Num laivo assim mais ou menos literário, mais ou menos em tom de romance ou mais ou menos realista, proponho-me falar sobre esta estranha gente a quem chamamos, hoje em dia, médicos.
Quem, de entre nós, nunca olhou com um certo misto de admiração, repúdio e dúvida, para aquelas pessoas a quem foi atribuída a nobre missão de curar as maleitas dos outros, de salvar a vida dos outros, de deixar a sua família e os seus amigos, para salvar as famílias e os amigos dos outros ou até de os enfim, como direi, "matar" com os seus erros e enganos?
Na realidade,após passarem 6 anos na faculdade, após um pesado e cansativo exame para a especialidade, e depois de mais 5 ou 6 anos no internato para se tornarem especialistas, eis-que, após terminarem o seu caminho doloroso, lhes é pedido que salvem o maior número de pessoas que conseguirem e, se possível, que se enganem pouco ou nada, para que o número de pessoas mortas por eles seja o menor.
O seu papel é assim um pouco semelhante ao de Deus, havendo até médicos que, levados por este sentimento colossal do "acabei de lhe salvar a vida", possuem este síndrome do divino, de acharem que têm o poder em forma de conhecimento para dar ou tirar a vida.
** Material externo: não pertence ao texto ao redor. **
(* Let $n\geq 1$. For every real $r\geq 2$, the Vietoris--Rips complex $\mathrm{VR}(\mathbb{Z}^n;r)$ is simply connected.
   Context: $\mathbb{Z}^n$ is equipped with the Manhattan metric $d(x,y)=\sum_{i=1}^n |x_i-y_i|$. For a metric space $X$ and $r\geq 0$, $\mathrm{VR}(X;r)$ is the simplicial complex with vertex set $X$ whose simplices are the finite subsets of $X$ of diameter at most $r$. *)

theory Defs
  imports "HOL-Analysis.Analysis"
begin

definition manhattan :: "int ^ 'n \<Rightarrow> int ^ 'n \<Rightarrow> real" where
  "manhattan x y = (\<Sum>i\<in>UNIV. real_of_int \<bar>x $ i - y $ i\<bar>)"

definition VR_complex :: "('a \<Rightarrow> 'a \<Rightarrow> real) \<Rightarrow> 'a set \<Rightarrow> real \<Rightarrow> 'a set set" where
  "VR_complex d X r = {\<sigma>. \<sigma> \<subseteq> X \<and> finite \<sigma> \<and> \<sigma> \<noteq> {} \<and> (\<forall>x\<in>\<sigma>. \<forall>y\<in>\<sigma>. d x y \<le> r)}"

text \<open>Closed geometric simplex spanned by a finite vertex set, in barycentric coordinates.\<close>
definition closed_simplex :: "'a set \<Rightarrow> ('a \<Rightarrow> real) set" where
  "closed_simplex \<sigma> = {\<alpha>. (\<forall>v. 0 \<le> \<alpha> v) \<and> (\<forall>v. v \<notin> \<sigma> \<longrightarrow> \<alpha> v = 0) \<and> sum \<alpha> \<sigma> = 1}"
Reconheçamos realmente. que não é qualquer pessoa que, passadas 24h de urgência e chegada a casa, pode dizer "Hoje salvei 10 pessoas e perdi outras tantas". É porque os médicos têm esta nobre tarefa de serem médicos e pessoas ao mesmo tempo, de se conseguirem deslocar do seu próprio corpo, para se visualizarem no corpo dos outros, é porque salvam vidas e dos seus meros enganos, erros e distracções pode advir a morte de alguém, é por causa disto tudo que os admiramos e odiamos ao mesmo tempo.
O que é que lhes pedimos então? Pedimos-lhes coisas tão simples como, perante alguém a quem o coração parou, que façam o diagnóstico, instituam a terapêutica e recuperem a pessoa "morta" em menos de 2 minutos. Pedimos-lhes que, perante 150 doentes na urgência com tosse, que saibam discernir, às 4 e tal da manhã,após quase 20 horas de trabalho, quem de entre os com tosse tem uma simples gripe, 100,uma pneumonia,30,uma reacção adversa a medicamentos, 10, um cancro do pulmão,5 ou embolia pulmonar rapidamente fatal, 5.
Há uns meses atrás, dizia-me uma doente, já fortemente debilitada devido à agressiva terapia contra o cancro e com uma pneumonia grave bilateral, "Não se esqueça, doutor, que não há quem diga um ai e que não esteja a doer". É bem verdade isto, e nunca me esqueci. Cabe-nos então a nós, médicos, tratarmos não a anemia, a pneumonia, o cancro, o enfarte, mas sim a pessoa com anemia ou com enfarte ou com cancro. A dor trata-se com drogas, sim, mas não só. A vida dos médicos é estranha, a vida dos médicos é paradoxal e, como disse alguém importante, "a vida dos médicos não é fácil e é essencial que o não seja".